───── Data for review

lemma per3_y_num0_y_num1_coprime:
  fixes x :: "'a::field_char_0"
  shows "\<not> (poly per3_y_num0 x = 0 \<and> poly per3_y_num1 x = 0)"
proof
  assume roots: "poly per3_y_num0 x = 0 \<and> poly per3_y_num1 x = 0"
  have "x\<^sup>2 + x + 1 = (poly per3_y_num0 x - poly per3_y_num1 x) / 2"
    by (simp add: poly_per3 field_simps; algebra)
  then have omega: "x\<^sup>2 + x + 1 = 0"
    using roots by simp
  have "poly per3_y_num0 x = (x\<^sup>2 + x + 1) * (x + 1) - x"
    by (simp add: poly_per3; algebra)
  then show False
    using roots omega by simp
qed

lemma exact_period_per3_cycle:
  fixes s :: "'a::field_char_0"
  assumes "s \<noteq> 0" "s \<noteq> -1" "s\<^sup>2 + s + 1 \<noteq> 0"
  shows "exact_period (quad_map (poly per3_c_num s / poly per3_c_den s))
    (poly per3_y_num0 s / poly per3_y_den s) 3"
proof -
  define c where "c = poly per3_c_num s / poly per3_c_den s"
  define y where "y g = poly g s / poly per3_y_den s" for g :: "'a poly"
  have d: "poly per3_y_den s \<noteq> 0"
    using assms by (simp add: poly_per3 add_eq_0_iff2)
  have step: "quad_map c (y per3_y_num0) = y per3_y_num1" "quad_map c (y per3_y_num1) = y per3_y_num2"
    "quad_map c (y per3_y_num2) = y per3_y_num0"
    using per3_cycle[of s] d unfolding quad_map_def y_def c_def poly_per3_c_den
    by (simp_all add: field_simps power2_eq_square)
  have diff: "s\<^sup>2 + s + 1 = (poly per3_y_num0 s - poly per3_y_num1 s) / 2"
    "(s + 1) * (s\<^sup>2 + s + 1) = (poly per3_y_num0 s - poly per3_y_num2 s) / 2"
    by (simp_all add: poly_per3 field_simps) algebra+
  have "poly per3_y_num1 s \<noteq> poly per3_y_num0 s"
  proof
    assume "poly per3_y_num1 s = poly per3_y_num0 s"
    with diff(1) assms(3) show False
      by simp
  qed
  moreover have "poly per3_y_num2 s \<noteq> poly per3_y_num0 s"
  proof
    assume "poly per3_y_num2 s = poly per3_y_num0 s"
    with diff(2) have "(s + 1) * (s\<^sup>2 + s + 1) = 0"
      by simp
    with assms show False
      by (simp add: add_eq_0_iff2)
  qed
  ultimately have "exact_period (quad_map c) (y per3_y_num0) 3"
    using d by (intro exact_period_3I) (simp_all add: step numeral_3_eq_3, simp_all add: y_def)
  then show ?thesis
    by (simp add: c_def y_def)
qed

lemma exact_period_3_zero:
  fixes c :: "'a::field"
  assumes "poly per3_y_num0 c = 0"
  shows "exact_period (quad_map c) 0 3"
proof (rule exact_period_3I)
  have "c \<noteq> 0" "c + 1 \<noteq> 0"
    using assms by (auto simp: poly_per3 add_eq_0_iff2)
  moreover have "quad_map c (quad_map c 0) = c * (c + 1)"
    by (simp add: quad_map_def power2_eq_square algebra_simps)
  ultimately show "quad_map c 0 \<noteq> 0" "quad_map c (quad_map c 0) \<noteq> 0"
    by (simp_all add: quad_map_def)
  have "(c\<^sup>2 + c)\<^sup>2 + c = c * poly per3_y_num0 c"
    by (simp add: poly_per3; algebra)
  then show "(quad_map c ^^ 3) 0 = 0"
    using assms by (simp add: quad_map_def numeral_3_eq_3)
qed

abbreviation per3_pullback :: "nat \<Rightarrow> 'a::comm_ring_1 poly \<Rightarrow> 'a poly" where
  "per3_pullback m r \<equiv> hom_pullback per3_c_num per3_c_den m r"

lemma degree_per3_pullback:
  fixes r :: "'a::field_char_0 poly"
  assumes "r \<noteq> 0" and "degree r \<le> m"
  shows "degree (per3_pullback m r) = 4 * m + 2 * degree r"
proof -
  have "per3_y_den \<noteq> (0 :: 'a poly)"
    by (simp add: per3_y_den_def)
  then have "degree (per3_c_den :: 'a poly) = 4"
    by (simp add: per3_c_den_def degree_power_eq per3_y_den_def)
  moreover have "degree (per3_c_num :: 'a poly) = 6"
    by (simp add: per3_c_num_def)
  ultimately show ?thesis
    using assms \<open>per3_y_den \<noteq> 0\<close>
    by (subst degree_hom_pullback) (auto simp: per3_c_den_def per3_c_num_def)
qed

lemma poly_per3_pullback_rot:
  fixes r :: "'a::field poly"
  assumes "s \<noteq> 0"
  shows "poly (per3_pullback m r) (per3_rot s) = poly (per3_pullback m r) s / s ^ (6 * m)"
proof -
  have "poly (per3_pullback m r) (per3_rot s) = (1 / s ^ 6) ^ m * poly (per3_pullback m r) s"
    using assms by (intro poly_hom_pullback_scale) (simp_all add: per3_rot_poly)
  then show ?thesis
    by (simp add: power_mult power_one_over)
qed

lemma poly_per3_pullback_0_minus_1:
  fixes r :: "'a::field poly"
  shows "poly (per3_pullback m r) 0 = coeff r m * (-1) ^ m"
    and "poly (per3_pullback m r) (-1) = coeff r m * (-1) ^ m"
  by (simp_all add: poly_hom_pullback_at_root poly_per3)

lemma poly_pderiv_per3_pullback_omega:
  fixes r :: "'a::field poly"
  assumes "w\<^sup>2 + w + 1 = 0"
  shows "poly per3_c_den w * poly (pderiv (per3_pullback m r)) w =
    of_nat m * poly (pderiv per3_c_den) w * poly (per3_pullback m r) w"
  using arg_cong[OF pderiv_hom_pullback, of "\<lambda>f. poly f w" per3_c_den per3_c_num m r]
    per3_wronskian_omega[OF assms]
  by (simp add: mult.assoc)

section \<open>Coincidence polynomials\<close>

text \<open>For coprime \<open>p, q\<close> and \<open>m \<ge> deg p, deg q\<close>, the roots \<open>s\<close> of \<open>per3_coinc g m p q\<close> away
  from the cusps are the parameters at which \<open>p/q\<close>, evaluated at \<open>c(s)\<close>, equals
  \<open>g(s) / per3_y_den(s)\<close>.\<close>

definition per3_coinc :: "'a::comm_ring_1 poly \<Rightarrow> nat \<Rightarrow> 'a poly \<Rightarrow> 'a poly \<Rightarrow> 'a poly" where
  "per3_coinc g m p q = g * per3_pullback m q - per3_y_den * per3_pullback m p"

lemma per3_coinc_rot:
  fixes p q :: "'a::field poly"
  assumes "s \<noteq> 0"
  shows "poly (per3_coinc per3_y_num1 m p q) s =
      s ^ (6 * m + 3) * poly (per3_coinc per3_y_num0 m p q) (per3_rot s)"
    and "poly (per3_coinc per3_y_num2 m p q) s =
      s ^ (6 * m + 3) * poly (per3_coinc per3_y_num1 m p q) (per3_rot s)"
  using assms
  by (simp_all add: per3_coinc_def poly_per3_pullback_rot per3_rot_poly field_simps power_add)

lemma per3_coinc_omega_root_iff:
  fixes p q :: "'a::field poly"
  assumes "w\<^sup>2 + w + 1 = 0"
  shows "poly (per3_coinc per3_y_num1 m p q) w = 0 \<longleftrightarrow> poly (per3_coinc per3_y_num0 m p q) w = 0"
    and "poly (per3_coinc per3_y_num2 m p q) w = 0 \<longleftrightarrow> poly (per3_coinc per3_y_num0 m p q) w = 0"
proof -
  have "w \<noteq> 0"
    using assms by auto
  then show "poly (per3_coinc per3_y_num1 m p q) w = 0 \<longleftrightarrow> poly (per3_coinc per3_y_num0 m p q) w = 0"
    and "poly (per3_coinc per3_y_num2 m p q) w = 0 \<longleftrightarrow> poly (per3_coinc per3_y_num0 m p q) w = 0"
    using per3_coinc_rot[of w m p q] per3_rot_omega[OF assms] by auto
qed

lemma per3_coinc_relation:
  fixes p q :: "'a::field_char_0 poly"
  shows "[:0, 1:] * per3_coinc per3_y_num0 m p q - [:1, 1:] * per3_coinc per3_y_num1 m p q
    + per3_coinc per3_y_num2 m p q = 0"
proof -
  have "poly ([:0, 1:] * per3_coinc per3_y_num0 m p q - [:1, 1:] * per3_coinc per3_y_num1 m p q
      + per3_coinc per3_y_num2 m p q) = poly 0"
    by (rule ext) (simp add: per3_coinc_def poly_per3; algebra)
  then show ?thesis
    by (simp only: poly_eq_poly_eq_iff)
qed

text \<open>At the fixed points \<open>w\<close> of \<open>per3_rot\<close> the parametrisation of \<open>c\<close> is critical, so the
  pulled-back polynomials satisfy \<open>v P' = m v' P\<close> there, and a double root of the coincidence
  polynomial would force a common root of \<open>p\<close> and \<open>q\<close>.\<close>

lemma per3_coinc_simple_root_omega:
  fixes p q g :: "'a::field_char_0 poly"
  assumes w: "w\<^sup>2 + w + 1 = 0" and deg: "degree p \<le> m" "degree q \<le> m"
    and coprime: "\<And>x. \<not> (poly p x = 0 \<and> poly q x = 0)"
    and wronskian: "poly (wronskian g per3_y_den) w \<noteq> 0"
    and root: "poly (per3_coinc g m p q) w = 0"
  shows "poly (pderiv (per3_coinc g m p q)) w \<noteq> 0"
proof
  assume root2: "poly (pderiv (per3_coinc g m p q)) w = 0"
  define P where "P = per3_pullback m p"
  define Q where "Q = per3_pullback m q"
  define v' where "v' = of_nat m * poly (pderiv per3_c_den) w"
  have v: "poly per3_c_den w = 4" and d: "poly per3_y_den w = -2"
    using per3_omega_values[OF w] by simp_all
  have P': "4 * poly (pderiv P) w = v' * poly P w" and Q': "4 * poly (pderiv Q) w = v' * poly Q w"
    using poly_pderiv_per3_pullback_omega[OF w, of m] v unfolding P_def Q_def v'_def by simp_all
  have E: "poly g w * poly Q w = poly per3_y_den w * poly P w"
    using root by (simp add: per3_coinc_def P_def Q_def)
  have "4 * poly (pderiv (per3_coinc g m p q)) w =
      4 * poly (pderiv g) w * poly Q w + poly g w * (4 * poly (pderiv Q) w)
      - 4 * poly (pderiv per3_y_den) w * poly P w - poly per3_y_den w * (4 * poly (pderiv P) w)"
    unfolding per3_coinc_def P_def[symmetric] Q_def[symmetric]
    by (simp add: pderiv_diff pderiv_mult algebra_simps)
  also have "\<dots> = 4 * (poly (pderiv g) w * poly Q w - poly (pderiv per3_y_den) w * poly P w)
      + v' * (poly g w * poly Q w - poly per3_y_den w * poly P w)"
    unfolding P' Q' by (simp add: algebra_simps)
  finally have "4 * poly (pderiv (per3_coinc g m p q)) w =
      4 * (poly (pderiv g) w * poly Q w - poly (pderiv per3_y_den) w * poly P w)
      + v' * (poly g w * poly Q w - poly per3_y_den w * poly P w)" .
  then have E': "poly (pderiv g) w * poly Q w = poly (pderiv per3_y_den) w * poly P w"
    using root2 E by simp
  have "poly Q w * poly (wronskian g per3_y_den) w =
      poly per3_y_den w * (poly (pderiv g) w * poly Q w - poly (pderiv per3_y_den) w * poly P w)"
    using E by (simp add: wronskian_def algebra_simps)
  then have "poly Q w = 0" "poly P w = 0"
    using E E' wronskian d by simp_all
  moreover have "poly Q w = 4 ^ m * poly q (poly per3_c_num w / 4)"
    "poly P w = 4 ^ m * poly p (poly per3_c_num w / 4)"
    using poly_hom_pullback_eq[of per3_c_den w] deg v unfolding P_def Q_def by simp_all
  ultimately show False
    using coprime by simp
qed

definition per3_degenerate :: "'a::comm_ring_1 poly \<Rightarrow> 'a \<Rightarrow> bool" where
  "per3_degenerate g s \<longleftrightarrow> s = 0 \<or> s = -1 \<or> s\<^sup>2 + s + 1 = 0 \<or> poly g s = 0"

lemma per3_coinc_nondegenerate_root:
  fixes p q :: "'a::field_char_0 poly"
  assumes deg: "degree p \<le> m" "degree q \<le> m"
    and coprime: "\<And>x. \<not> (poly p x = 0 \<and> poly q x = 0)"
    and root: "poly (per3_coinc per3_y_num0 m p q) s = 0"
    and nondeg: "\<not> per3_degenerate per3_y_num0 s"
  shows "\<exists>c. poly q c \<noteq> 0 \<and> poly p c \<noteq> 0 \<and> exact_period (quad_map c) (poly p c / poly q c) 3"
proof -
  have s: "s \<noteq> 0" "s \<noteq> -1" "s\<^sup>2 + s + 1 \<noteq> 0" "poly per3_y_num0 s \<noteq> 0"
    using nondeg by (auto simp: per3_degenerate_def)
  define d where "d = poly per3_y_den s"
  define c where "c = poly per3_c_num s / poly per3_c_den s"
  have d: "d \<noteq> 0" and v: "poly per3_c_den s = d\<^sup>2"
    using s by (simp_all add: d_def poly_per3 add_eq_0_iff2)
  have "poly (per3_pullback m q) s = d\<^sup>2 ^ m * poly q c"
    "poly (per3_pullback m p) s = d\<^sup>2 ^ m * poly p c"
    using poly_hom_pullback_eq[of per3_c_den s] deg d v unfolding c_def by simp_all
  then have eq: "poly per3_y_num0 s * poly q c = d * poly p c"
    using root d by (simp add: per3_coinc_def d_def)
  have "poly q c \<noteq> 0"
    using eq coprime[of c] d by auto
  moreover have "poly p c \<noteq> 0"
    using eq \<open>poly q c \<noteq> 0\<close> s(4) by auto
  moreover have "poly p c / poly q c = poly per3_y_num0 s / d"
    using eq \<open>poly q c \<noteq> 0\<close> d by (simp add: field_simps)
  ultimately show ?thesis
    using exact_period_per3_cycle[OF s(1-3)] unfolding c_def d_def by metis
qed

lemma per3_degenerate_rot:
  fixes g g' :: "'a::field poly"
  assumes "s \<noteq> 0" and "poly g (per3_rot s) = poly g' s / s ^ 3"
    and "per3_degenerate g (per3_rot s)"
  shows "per3_degenerate g' s"
  using assms per3_rot_eq_0_iff[of s] per3_rot_neq_minus_1[of s] per3_rot_omega_iff[of s]
  by (auto simp: per3_degenerate_def)

lemma per3_coinc_roots_degenerate:
  fixes p q :: "'a::field poly"
  assumes "\<And>s. poly (per3_coinc per3_y_num0 m p q) s = 0 \<Longrightarrow> per3_degenerate per3_y_num0 s"
  shows "poly (per3_coinc per3_y_num1 m p q) s = 0 \<Longrightarrow> per3_degenerate per3_y_num1 s"
    and "poly (per3_coinc per3_y_num2 m p q) s = 0 \<Longrightarrow> per3_degenerate per3_y_num2 s"
proof -
  show deg1: "per3_degenerate per3_y_num1 s" if "poly (per3_coinc per3_y_num1 m p q) s = 0" for s
  proof (cases "s = 0")
    case False
    then show ?thesis
      using that assms[of "per3_rot s"] per3_coinc_rot(1)[OF False]
      by (intro per3_degenerate_rot[OF False per3_rot_poly(4)[OF False]]) simp
  qed (simp add: per3_degenerate_def)
  show "per3_degenerate per3_y_num2 s" if "poly (per3_coinc per3_y_num2 m p q) s = 0"
  proof (cases "s = 0")
    case False
    then show ?thesis
      using that deg1[of "per3_rot s"] per3_coinc_rot(2)[OF False]
      by (intro per3_degenerate_rot[OF False per3_rot_poly(5)[OF False]]) simp
  qed (simp add: per3_degenerate_def)
qed

lemma per3_coinc_root_at_y_num0_root:
  fixes p q :: "'a::field_char_0 poly"
  assumes "degree p \<le> m" and "poly per3_y_num0 x = 0" and "poly (per3_coinc per3_y_num0 m p q) x = 0"
  shows "poly p x = 0"
proof -
  have "x \<noteq> 0" "x + 1 \<noteq> 0"
    using assms(2) by (auto simp: poly_per3 add_eq_0_iff2)
  then have d: "poly per3_y_den x \<noteq> 0" and v: "poly per3_c_den x \<noteq> 0"
    by (simp_all add: poly_per3)
  have "poly (per3_pullback m p) x = 0"
    using assms(2,3) d by (simp add: per3_coinc_def)
  then show ?thesis
    using poly_hom_pullback_eq[OF v assms(1)] per3_y_num0_root[OF assms(2)] v by simp
qed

──────────

_What is being asked_
All that is needed is the exact run of lines above from the line containing "using assms per3_rot_eq_0_iff[of" through the line containing "0 \<Longrightarrow> per3_degenerate per3_y_num1", both of them included.

_Answer space_
  using assms per3_rot_eq_0_iff[of s] per3_rot_neq_minus_1[of s] per3_rot_omega_iff[of s]
  by (auto simp: per3_degenerate_def)

lemma per3_coinc_roots_degenerate:
  fixes p q :: "'a::field poly"
  assumes "\<And>s. poly (per3_coinc per3_y_num0 m p q) s = 0 \<Longrightarrow> per3_degenerate per3_y_num0 s"
  shows "poly (per3_coinc per3_y_num1 m p q) s = 0 \<Longrightarrow> per3_degenerate per3_y_num1 s"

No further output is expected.